The return back home. This is being experienced by a growing number of migrants. Recently, a large proportion of refugees having fled the war in Kosovo have been given incentives to return home. Those who were not willing have been put under strong pressure to comply with this policy, some being deported against their will. The return to a country under reconstruction, where insecurity still prevails, with the possibility of retaliation towards those who have fled abroad, may pose specific risks to these persons.
In taking into account the successive steps of the migratory process, it is possible to build a clearer view of potential exposures and risk factors that may influence the present health condition of specific persons or a community. This can help primary care providers to identify the present complaint or illness with the previous events related to the person's migration process.
Thus, the health of migrants is largely influenced by specific living conditions, previous exposure to communicable diseases, deprivation or violence, professional risks, the degree of integration in the new society, the access to health care, the capability to communicate and the presence or absence of a community or family safety net. At present, most of the data on migration and health come from surveys on specific groups of migrants or services, or through medical screening programmes at the time of entry into the host country. Routinely gathered data on the health of ethnic minorities or of foreign-born residents are often lacking in this area. Thus caution should be exercised in extrapolating the conclusions of specific studies to all migrants and, in so doing, contributing to the negative perception of migrants and to some indirect form of discrimination.
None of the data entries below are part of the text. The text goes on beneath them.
definition haar_psi :: "nat \<Rightarrow> nat \<Rightarrow> nat \<Rightarrow> nat \<Rightarrow> real" where
  "haar_psi L s p j =
     (let a = p * 2^(L-s+1); h = 2^(L-s); c = 2 powr ((real s - real L - 1) / 2) in
      if a \<le> j \<and> j < a + h then c
      else if a + h \<le> j \<and> j < a + 2*h then - c
      else 0)"

text \<open>Column c of the Haar matrix (scale ordering): c = 0 is the scaling function;
  c = 2^(s-1) + p with 1 \<le> s \<le> L, p < 2^(s-1) is psi_{s,p}; note floorlog 2 c = s.\<close>

definition haar_col :: "nat \<Rightarrow> nat \<Rightarrow> nat \<Rightarrow> real" where
  "haar_col L c j =
     (if c = 0 then haar_phi L j
      else haar_psi L (floorlog 2 c) (c - 2^(floorlog 2 c - 1)) j)"

definition haar_scale :: "nat \<Rightarrow> nat" where
  "haar_scale c = (if c = 0 then 0 else floorlog 2 c)"

end

theory Submission
  imports Defs
begin

text \<open>The bit flip j \<mapsto> j XOR 2^m is the product of the swaps at all nodes of depth
  L - 1 - m, so W_L contains every translation j \<mapsto> j XOR t of the leaves, viewed as
  (Z/2)^L, and an invariant R satisfies R (i XOR t) (j XOR t) = R i j.  Up to normalisation
  the wavelet \<psi>_{s,p} is +1 and -1 on the two halves of the depth-(s-1) block B with
  block index p.  For a leaf i in B, translating by i turns row i of R against \<psi>_{s,p} into
  row 0 against \<psi>_{s,0}, which gives an eigenvalue depending on s only; for i outside B,
  the swap at B fixes i and negates \<psi>_{s,p}, so the row sum vanishes.  Orthonormality is a
  direct computation on dyadic blocks.\<close>

unbundle bit_operations_syntax

lemma nat_div_eq_iff: "0 < (m::nat) \<Longrightarrow> j div m = q \<longleftrightarrow> q * m \<le> j \<and> j < q * m + m"
  by (metis add.commute div_nat_eqI div_times_less_eq_dividend dividend_less_times_div
      mult.commute mult_Suc_right)

lemma xor_less_power_nat: "(x::nat) < 2^n \<Longrightarrow> y < 2^n \<Longrightarrow> x XOR y < 2^n"
  by (metis take_bit_nat_eq_self_iff take_bit_xor)

lemma xor_div_power: "((x::nat) XOR y) div 2^n = x div 2^n XOR y div 2^n"
  by (simp flip: drop_bit_eq_div)

lemma xor_power_div_power: "m < n \<Longrightarrow> ((j::nat) XOR 2^m) div 2^n = j div 2^n"
  by (simp flip: drop_bit_eq_div add: drop_bit_exp_eq)

lemma xor_power_eq_add: "even ((x::nat) div 2^n) \<Longrightarrow> x XOR 2^n = x + 2^n"
  by (simp add: bit_iff_odd and_exp_eq_0_iff_not_bit disjunctive_add_eq_xor)

lemma xor_power_eq_diff:
  assumes "odd ((x::nat) div 2^n)"
  shows "x XOR 2^n = x - 2^n"
proof -
  have "x \<ge> 2^n" using assms by (cases "x < 2^n") auto
  then have "x div 2^n = (x - 2^n) div 2^n + 1"
    by (metis div_add_self2 le_add_diff_inverse2 power_not_zero zero_neq_numeral)
  then have "(x - 2^n) XOR 2^n = x"
    using assms \<open>x \<ge> 2^n\<close> xor_power_eq_add[of "x - 2^n" n] by simp
  then show ?thesis by (metis xor.assoc xor_self_eq xor.right_neutral)
qed

lemma sum_reindex_involution:
  assumes "\<And>j. j < n \<Longrightarrow> g j < n \<and> g (g j) = j"
  shows "(\<Sum>j<n. f (g j)) = (\<Sum>j<n. f j)"
  by (rule sum.reindex_bij_witness[of _ g g]) (use assms in auto)

lemma sum_eq_0_if_involution_negates:
  fixes f :: "nat \<Rightarrow> real"
  assumes "\<And>j. j < n \<Longrightarrow> g j < n \<and> g (g j) = j" "\<And>j. j < n \<Longrightarrow> f (g j) = - f j"
  shows "(\<Sum>j<n. f j) = 0"
proof -
  have "(\<Sum>j<n. f j) = (\<Sum>j<n. f (g j))" by (rule sum_reindex_involution[OF assms(1), symmetric])
  also have "\<dots> = - (\<Sum>j<n. f j)" using assms(2) by (simp add: sum_negf)
  finally show ?thesis by simp
qed

lemma sum_div_blocks:
  fixes F :: "nat \<Rightarrow> 'a::comm_semiring_1"
  assumes "0 < h"
  shows "(\<Sum>j<m * h. F (j div h)) = of_nat h * (\<Sum>q<m. F q)"
proof -
  have "(\<Sum>j<m * h. F (j div h)) = (\<Sum>q<m. \<Sum>j\<in>{q * h..<q * h + h}. F (j div h))"
    by (rule sum.nat_group[symmetric])
  also have "\<dots> = (\<Sum>q<m. \<Sum>j\<in>{q * h..<q * h + h}. F q)"
  proof (intro sum.cong refl)
    fix q j
    assume "j \<in> {q * h..<q * h + h}"
    then have "j div h = q" using nat_div_eq_iff[OF assms] by simp
    then show "F (j div h) = F q" by simp
  qed
  finally show ?thesis by (simp add: sum_distrib_left)
qed

section \<open>Translations in the wreath group\<close>

lemma node_swap_eq_xor:
  assumes "k < L"
  shows "node_swap L k b j = (if j div 2^(L-k) = b then j XOR 2^(L-k-1) else j)"
proof -
  define n where "n = L - k - 1"
  have "L - k = Suc n" using assms n_def by simp
  then have block: "(2::nat)^(L-k) = 2^n * 2" by simp
  have first_half: "b * (2^n * 2) \<le> j \<and> j < b * (2^n * 2) + 2^n \<longleftrightarrow> j div 2^n = 2 * b"
    using nat_div_eq_iff[of "2^n" j "2 * b"] by (simp add: ac_simps)
  have second_half:
    "b * (2^n * 2) + 2^n \<le> j \<and> j < b * (2^n * 2) + 2 * 2^n \<longleftrightarrow> j div 2^n = 2 * b + 1"
    using nat_div_eq_iff[of "2^n" j "2 * b + 1"] by (simp add: algebra_simps)
  have "j div 2^(L-k) = b \<longleftrightarrow> j div 2^n = 2 * b \<or> j div 2^n = 2 * b + 1"
    using nat_div_eq_iff[of 2 "j div 2^n" b] by (auto simp: block div_mult2_eq)
  then show ?thesis
    unfolding node_swap_def Let_def block n_def[symmetric] first_half second_half
    using xor_power_eq_add[of j n] xor_power_eq_diff[of j n] by auto
qed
A recent review of health issues and problems of migrants in the European Union found that, compared with the host population, migrants have less access to health services and often have a higher rate of certain conditions such as tuberculosis, HIV, hepatitis B, accidental injuries, psychosomatic problems and depression (Carballo et al., 1998). Does migration in itself constitute an unhealthy process and put people on the move at higher risk of disease? Do we have a biased view on the health of migrants from studies uncontrolled for socioeconomic disadvantages or unequal access to health services? (Junghaus, 1998). Migration is a very selective process and those arriving in industrialised nations as immigrants, refugees or asylum seekers may not be representative of the population from which they come. They are probably the stronger, mentally and physically.